## WORK ORDER
Begin at the line below that has "by (auto elim: eval_MnE)" and stop after the line that has "X (Comp Succ". Please restate only those lines, word for word.
'''
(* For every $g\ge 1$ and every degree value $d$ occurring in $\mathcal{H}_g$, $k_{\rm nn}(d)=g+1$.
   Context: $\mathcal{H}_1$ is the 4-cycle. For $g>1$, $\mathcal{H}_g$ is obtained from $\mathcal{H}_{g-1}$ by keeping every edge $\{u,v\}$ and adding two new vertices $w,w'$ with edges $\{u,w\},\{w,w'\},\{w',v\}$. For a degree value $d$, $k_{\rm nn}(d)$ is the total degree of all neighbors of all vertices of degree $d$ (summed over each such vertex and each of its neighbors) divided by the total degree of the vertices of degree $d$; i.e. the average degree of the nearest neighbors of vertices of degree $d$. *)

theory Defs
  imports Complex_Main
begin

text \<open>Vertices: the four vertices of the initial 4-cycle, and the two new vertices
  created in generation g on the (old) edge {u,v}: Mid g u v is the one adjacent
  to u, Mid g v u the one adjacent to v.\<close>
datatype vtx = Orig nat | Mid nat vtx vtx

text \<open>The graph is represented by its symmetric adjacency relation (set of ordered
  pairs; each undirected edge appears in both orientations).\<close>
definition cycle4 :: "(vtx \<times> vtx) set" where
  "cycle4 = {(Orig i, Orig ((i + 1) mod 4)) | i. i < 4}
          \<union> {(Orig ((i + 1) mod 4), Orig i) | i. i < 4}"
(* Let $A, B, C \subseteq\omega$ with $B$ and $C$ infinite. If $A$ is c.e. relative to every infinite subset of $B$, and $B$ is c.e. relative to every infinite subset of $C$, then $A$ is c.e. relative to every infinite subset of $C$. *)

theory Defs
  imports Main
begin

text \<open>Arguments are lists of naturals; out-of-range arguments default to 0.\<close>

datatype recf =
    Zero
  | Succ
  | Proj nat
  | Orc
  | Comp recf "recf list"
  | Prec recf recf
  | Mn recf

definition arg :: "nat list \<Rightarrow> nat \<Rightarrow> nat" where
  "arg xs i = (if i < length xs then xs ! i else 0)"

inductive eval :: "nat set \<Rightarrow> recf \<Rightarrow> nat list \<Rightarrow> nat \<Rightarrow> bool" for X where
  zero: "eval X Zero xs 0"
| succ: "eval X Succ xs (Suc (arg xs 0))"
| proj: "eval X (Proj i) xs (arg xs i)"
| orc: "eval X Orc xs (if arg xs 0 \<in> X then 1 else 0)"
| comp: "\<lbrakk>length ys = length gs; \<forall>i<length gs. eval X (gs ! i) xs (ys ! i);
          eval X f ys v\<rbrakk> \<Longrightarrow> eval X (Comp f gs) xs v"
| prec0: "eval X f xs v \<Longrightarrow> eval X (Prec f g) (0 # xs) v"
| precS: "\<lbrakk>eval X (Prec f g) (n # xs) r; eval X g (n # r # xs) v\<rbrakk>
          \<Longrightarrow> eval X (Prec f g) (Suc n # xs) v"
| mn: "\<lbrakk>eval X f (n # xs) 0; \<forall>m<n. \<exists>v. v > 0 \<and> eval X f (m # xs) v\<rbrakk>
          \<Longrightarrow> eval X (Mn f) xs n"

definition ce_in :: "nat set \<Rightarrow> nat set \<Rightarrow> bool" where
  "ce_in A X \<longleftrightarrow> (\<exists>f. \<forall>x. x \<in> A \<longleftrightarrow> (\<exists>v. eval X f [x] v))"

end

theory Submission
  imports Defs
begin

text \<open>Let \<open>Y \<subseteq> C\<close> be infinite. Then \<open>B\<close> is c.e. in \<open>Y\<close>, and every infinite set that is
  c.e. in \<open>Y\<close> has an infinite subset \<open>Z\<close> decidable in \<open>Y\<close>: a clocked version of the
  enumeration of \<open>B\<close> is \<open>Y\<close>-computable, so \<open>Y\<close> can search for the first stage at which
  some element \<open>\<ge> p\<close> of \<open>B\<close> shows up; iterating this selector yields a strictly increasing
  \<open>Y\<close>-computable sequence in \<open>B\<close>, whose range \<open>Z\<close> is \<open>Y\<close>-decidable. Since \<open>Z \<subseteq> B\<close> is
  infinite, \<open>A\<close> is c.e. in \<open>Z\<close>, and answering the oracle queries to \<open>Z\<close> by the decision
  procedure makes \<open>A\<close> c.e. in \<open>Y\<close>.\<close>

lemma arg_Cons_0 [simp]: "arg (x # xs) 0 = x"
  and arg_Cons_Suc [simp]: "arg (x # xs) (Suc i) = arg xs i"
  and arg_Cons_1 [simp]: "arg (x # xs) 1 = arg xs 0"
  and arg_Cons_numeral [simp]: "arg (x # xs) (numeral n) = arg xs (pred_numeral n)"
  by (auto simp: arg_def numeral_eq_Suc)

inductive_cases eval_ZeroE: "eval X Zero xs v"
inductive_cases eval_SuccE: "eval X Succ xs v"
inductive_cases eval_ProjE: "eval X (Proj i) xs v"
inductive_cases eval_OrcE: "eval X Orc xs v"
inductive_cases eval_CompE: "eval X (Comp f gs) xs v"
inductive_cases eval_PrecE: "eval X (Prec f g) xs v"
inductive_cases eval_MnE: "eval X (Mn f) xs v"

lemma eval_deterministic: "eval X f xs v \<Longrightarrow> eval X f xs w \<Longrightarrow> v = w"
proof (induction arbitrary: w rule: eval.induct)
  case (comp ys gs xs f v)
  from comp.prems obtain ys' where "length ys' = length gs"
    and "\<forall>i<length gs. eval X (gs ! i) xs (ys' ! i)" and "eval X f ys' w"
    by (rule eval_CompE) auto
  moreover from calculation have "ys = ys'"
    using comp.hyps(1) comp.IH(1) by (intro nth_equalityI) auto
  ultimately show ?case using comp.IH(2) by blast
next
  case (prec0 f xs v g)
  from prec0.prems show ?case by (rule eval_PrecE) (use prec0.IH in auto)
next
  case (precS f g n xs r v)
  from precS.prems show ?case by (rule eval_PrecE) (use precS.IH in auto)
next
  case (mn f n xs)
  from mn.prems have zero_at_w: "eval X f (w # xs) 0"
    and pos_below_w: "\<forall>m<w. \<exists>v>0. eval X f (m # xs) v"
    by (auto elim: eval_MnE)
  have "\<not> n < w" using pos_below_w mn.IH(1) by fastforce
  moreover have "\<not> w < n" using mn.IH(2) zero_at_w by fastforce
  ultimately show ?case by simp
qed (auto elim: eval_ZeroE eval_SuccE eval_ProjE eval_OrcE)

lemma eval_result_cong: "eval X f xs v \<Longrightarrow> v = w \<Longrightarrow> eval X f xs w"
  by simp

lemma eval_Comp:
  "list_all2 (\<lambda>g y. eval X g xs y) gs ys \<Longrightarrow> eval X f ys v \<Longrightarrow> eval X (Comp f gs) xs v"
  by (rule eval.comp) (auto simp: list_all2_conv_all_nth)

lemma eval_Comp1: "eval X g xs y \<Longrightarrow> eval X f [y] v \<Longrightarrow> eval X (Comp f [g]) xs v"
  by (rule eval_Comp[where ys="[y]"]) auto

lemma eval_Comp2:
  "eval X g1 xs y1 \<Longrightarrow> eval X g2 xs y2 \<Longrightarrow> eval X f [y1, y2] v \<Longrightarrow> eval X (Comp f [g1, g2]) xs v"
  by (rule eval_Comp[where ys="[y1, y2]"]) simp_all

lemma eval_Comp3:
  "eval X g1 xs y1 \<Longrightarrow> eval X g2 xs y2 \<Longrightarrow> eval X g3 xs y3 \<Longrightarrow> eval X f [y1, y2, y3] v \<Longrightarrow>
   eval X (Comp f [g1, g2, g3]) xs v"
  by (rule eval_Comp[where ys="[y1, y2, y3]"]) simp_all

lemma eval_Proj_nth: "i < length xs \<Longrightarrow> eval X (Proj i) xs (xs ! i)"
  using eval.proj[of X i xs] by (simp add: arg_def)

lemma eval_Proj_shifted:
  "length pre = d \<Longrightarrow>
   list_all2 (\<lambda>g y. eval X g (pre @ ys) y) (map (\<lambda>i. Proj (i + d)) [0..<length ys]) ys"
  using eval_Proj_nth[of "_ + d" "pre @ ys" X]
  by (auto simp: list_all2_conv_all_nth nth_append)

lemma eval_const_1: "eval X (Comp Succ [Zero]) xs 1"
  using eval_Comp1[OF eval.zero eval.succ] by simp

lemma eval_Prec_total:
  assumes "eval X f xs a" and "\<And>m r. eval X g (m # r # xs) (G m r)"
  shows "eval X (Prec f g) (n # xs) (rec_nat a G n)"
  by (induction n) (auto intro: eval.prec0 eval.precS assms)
'''
## REPLY TO THE EXERCISE
    by (auto elim: eval_MnE)
  have "\<not> n < w" using pos_below_w mn.IH(1) by fastforce
  moreover have "\<not> w < n" using mn.IH(2) zero_at_w by fastforce
  ultimately show ?case by simp
qed (auto elim: eval_ZeroE eval_SuccE eval_ProjE eval_OrcE)

lemma eval_result_cong: "eval X f xs v \<Longrightarrow> v = w \<Longrightarrow> eval X f xs w"
  by simp

lemma eval_Comp:
  "list_all2 (\<lambda>g y. eval X g xs y) gs ys \<Longrightarrow> eval X f ys v \<Longrightarrow> eval X (Comp f gs) xs v"
  by (rule eval.comp) (auto simp: list_all2_conv_all_nth)

lemma eval_Comp1: "eval X g xs y \<Longrightarrow> eval X f [y] v \<Longrightarrow> eval X (Comp f [g]) xs v"
  by (rule eval_Comp[where ys="[y]"]) auto

lemma eval_Comp2:
  "eval X g1 xs y1 \<Longrightarrow> eval X g2 xs y2 \<Longrightarrow> eval X f [y1, y2] v \<Longrightarrow> eval X (Comp f [g1, g2]) xs v"
  by (rule eval_Comp[where ys="[y1, y2]"]) simp_all

lemma eval_Comp3:
  "eval X g1 xs y1 \<Longrightarrow> eval X g2 xs y2 \<Longrightarrow> eval X g3 xs y3 \<Longrightarrow> eval X f [y1, y2, y3] v \<Longrightarrow>
   eval X (Comp f [g1, g2, g3]) xs v"
  by (rule eval_Comp[where ys="[y1, y2, y3]"]) simp_all

lemma eval_Proj_nth: "i < length xs \<Longrightarrow> eval X (Proj i) xs (xs ! i)"
  using eval.proj[of X i xs] by (simp add: arg_def)

lemma eval_Proj_shifted:
  "length pre = d \<Longrightarrow>
   list_all2 (\<lambda>g y. eval X g (pre @ ys) y) (map (\<lambda>i. Proj (i + d)) [0..<length ys]) ys"
  using eval_Proj_nth[of "_ + d" "pre @ ys" X]
  by (auto simp: list_all2_conv_all_nth nth_append)

lemma eval_const_1: "eval X (Comp Succ [Zero]) xs 1"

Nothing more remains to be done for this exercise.